Windy cities could be good
People often complain about the icy blasts of wind that buffet them as they walk around downtown areas, and a whole...
People often complain about the icy blasts of wind that buffet them as they walk around downtown areas, and a whole science has been developed around mitigating the wind effects of skyscrapers on urban environments.
Now, however, researchers in Europe are looking at ways of increasing the wind tunnel effect between buildings in dense urban environments in order to harness the energy as electrical power. If the research is carried forward, we might see our cities transformed as buildings are designed in strange shapes and configurations as they are designed to funnel the wind.
The BDSP Partnership of London, U.K., the University of Stuttgart, MECAL, Imperial College London and the Rutherford Appleton Laboratory formed a consortium funded by the European Commission to develop systems for incorporating wind turbines between buildings shaped to concentrate wind flow.

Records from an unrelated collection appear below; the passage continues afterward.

lemma potential_drop:
  assumes nice: "nice n s i" and w: "w \<in> cube n"
  shows "real n ^ i * (re_op s ^^ i) potential w + nonsink s w \<le> real n ^ i * potential w"
proof (cases "s w = {}")
  case True
  then show ?thesis
    using re_op_pow_potential_le[OF w] by (simp add: nonsink_def mult_left_mono)
next
  case False
  obtain u m where "m \<le> i" and wu: "(w, u) \<in> arcs n s ^^ m"
    and smaller: "reachmap n s u \<subset> reachmap n s w"
    using nice w False unfolding nice_def covered_def dist_le_def by blast
  have "reaches n s w u"
    unfolding reaches_def using wu by (rule relpow_imp_rtrancl)
  then have u: "u \<in> cube n"
    using reaches_in_cube w by blast
  have "card (reachmap n s u) < card (reachmap n s w)"
    using smaller reachmap_subset[OF w] by (meson finite_lessThan finite_subset psubset_card_mono)
  then have "(re_op s ^^ (i - m)) potential u \<le> potential w - 1"
    using re_op_pow_potential_le[OF u, of "i - m"] by (simp add: potential_def)
  then have "(re_op s ^^ m) ((re_op s ^^ (i - m)) potential) w \<le> potential w - 1 / real n ^ m"
    using potential_antimono w re_op_pow_le_on_reachable[OF w]
    by (intro re_op_pow_le_along_path[OF w _ _ _ wu]) (auto simp: potential_def reaches_def)
  moreover have "re_op s ^^ i = re_op s ^^ m \<circ> re_op s ^^ (i - m)"
    using \<open>m \<le> i\<close> by (metis funpow_add le_add_diff_inverse)
  ultimately have drop: "(re_op s ^^ i) potential w \<le> potential w - 1 / real n ^ m"
    by simp
  have "1 \<le> n"
    using False outmap_subset[OF w] by (auto simp: Suc_le_eq)
  then have "1 \<le> real n ^ i / real n ^ m"
    using \<open>m \<le> i\<close> by (simp add: power_increasing)
  have "real n ^ i * (re_op s ^^ i) potential w \<le> real n ^ i * potential w - real n ^ i / real n ^ m"
    using mult_left_mono[OF drop, of "real n ^ i"] by (simp add: right_diff_distrib)
  with \<open>1 \<le> real n ^ i / real n ^ m\<close> False show ?thesis
    by (simp add: nonsink_def)
qed

lemma re_op_nonsink_le: "x \<in> cube n \<Longrightarrow> re_op s (nonsink s) x \<le> nonsink s x"
  using re_op_pow_le_on_reachable[of x 1 "nonsink s" x 1]
  by (cases "s x = {}") (auto simp: nonsink_def reaches_def re_op_sink)

text \<open>The walk is absorbed at sinks, which is why the test function is cut off by
nonsink before the operator is iterated.\<close>

lemma re_dist_sum_eq:
  assumes v0: "v0 \<in> cube n"
  shows "(\<Sum>u\<in>cube n. re_dist n s v0 k u * g u) = (re_op s ^^ k) (\<lambda>u. nonsink s u * g u) v0"
proof (induction k arbitrary: g)
  case 0
  have "(\<Sum>u\<in>cube n. re_dist n s v0 0 u * g u) = (\<Sum>u\<in>cube n. if u = v0 then nonsink s u * g u else 0)"
    by (rule sum.cong) (auto simp: nonsink_def)
  then show ?case
    using v0 finite_cube by simp
next
  case (Suc k)
  let ?r = "re_dist n s v0 k"
  let ?F = "\<lambda>u w j. if sdiff w {j} = u then ?r w / real (card (s w)) * (nonsink s u * g u) else 0"
  have "(\<Sum>u\<in>cube n. re_dist n s v0 (Suc k) u * g u) = (\<Sum>u\<in>cube n. \<Sum>w\<in>cube n. \<Sum>j\<in>s w. ?F u w j)"
  proof (intro sum.cong refl)
    fix u
    show "re_dist n s v0 (Suc k) u * g u = (\<Sum>w\<in>cube n. \<Sum>j\<in>s w. ?F u w j)"
      by (cases "s u = {}")
         (auto simp: nonsink_def sum_distrib_right cong: if_cong split: if_split_asm
           intro!: sum.cong sum.neutral)
  qed
  also have "\<dots> = (\<Sum>w\<in>cube n. \<Sum>j\<in>s w. \<Sum>u\<in>cube n. ?F u w j)"
    by (subst sum.swap) (intro sum.cong refl sum.swap)
  also have "\<dots> = (\<Sum>w\<in>cube n. ?r w * re_op s (\<lambda>u. nonsink s u * g u) w)"
    by (intro sum.cong refl)
       (simp add: neighbour_in_cube finite_cube re_op_def sum_distrib_left sum_divide_distrib)
  also have "\<dots> = (re_op s ^^ k) (\<lambda>u. nonsink s u * re_op s (\<lambda>u. nonsink s u * g u) u) v0"
    by (rule Suc.IH)
  also have "(\<lambda>u. nonsink s u * re_op s (\<lambda>u. nonsink s u * g u) u) = re_op s (\<lambda>u. nonsink s u * g u)"
    by (auto simp: nonsink_def re_op_sink)
  finally show ?case
    by (simp add: funpow_Suc_right del: funpow.simps)
qed

lemma survival_sum_le:
  assumes "nice n s i" and "i \<ge> 1" and v0: "v0 \<in> cube n"
  shows "(\<Sum>k<K. (re_op s ^^ k) (nonsink s) v0) \<le> real i * real n ^ (i + 1)"
proof -
  let ?P = "\<lambda>t. (re_op s ^^ t) (nonsink s) v0" and ?a = "\<lambda>t. (re_op s ^^ t) potential v0"
  have "?a t \<ge> 0" for t
    by (rule re_op_pow_nonneg) (simp add: potential_def)
  moreover have "?P t \<ge> 0" for t
    by (rule re_op_pow_nonneg) (simp add: nonsink_def)
  moreover have "decseq ?P"
    using re_op_pow_mono[OF re_op_nonsink_le v0]
    by (intro decseq_SucI) (simp add: funpow_Suc_right del: funpow.simps)
  moreover have "real n ^ i * ?a (t + i) + ?P t \<le> real n ^ i * ?a t" for t
    using re_op_pow_mono[OF potential_drop[OF \<open>nice n s i\<close>] v0, of _ t]
    by (simp add: re_op_pow_add re_op_pow_scale funpow_add del: funpow.simps)
  ultimately have "(\<Sum>k<K. ?P k) \<le> real i * real n ^ i * ?a 0"
    using \<open>i \<ge> 1\<close> by (intro sum_le_of_potential_drop) auto
  also have "\<dots> \<le> real i * real n ^ i * real n"
    using potential_le[OF v0] by (simp add: mult_left_mono)
  finally show ?thesis
    by (simp add: algebra_simps)
qed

The researchers built a near-scale prototype on the European Energy Research Unit test site. It had two towers aerodynamically shaped, with three turbines placed vertically between them. The towers were designed using computational fluid dynamics modelling to find their optimum shape for concentrating wind speeds at between 2 to 5 metres per second.
The project was completed in 2000 and now BDSP is doing follow up research and developing a handbook on how to integrate wind turbines into the built environment. The advantage of having wind
power generators in the city is that they would provide power close at hand, thus obviating the need for long transmission systems and also appeasing the people who find rural wind power farms a visual blight on the landscape.
Another common complaint of wind turbines is that they cause noise, but the proponents of urban wind generators say that in cities their noise would be largely drowned out by the traffic.
The European Energy Research Unit has been doing research in other interesting areas, including the idea of having floating offshore wind farms.
According to the Canadian Wind Energy Association, Canada currently produces about 136 MW of electricity through wind farms, enough to service about 37,000 average homes. The largest operations are in Quebec, which has 99,000 MW capacity in total at its Le Nordais wind farms in Cap Chat and Matane. Second biggest wind power producer is Alberta, with about 80,000 MW capacity. Toronto has the closest thing to an urban system, with its single 1,800-MW wind turbine that started turning last year in Pickering, east of Toronto.
The potential for this renewable energy source globally is enormous. Wind could, it is estimated, supply up to five times the world’s current energy needs.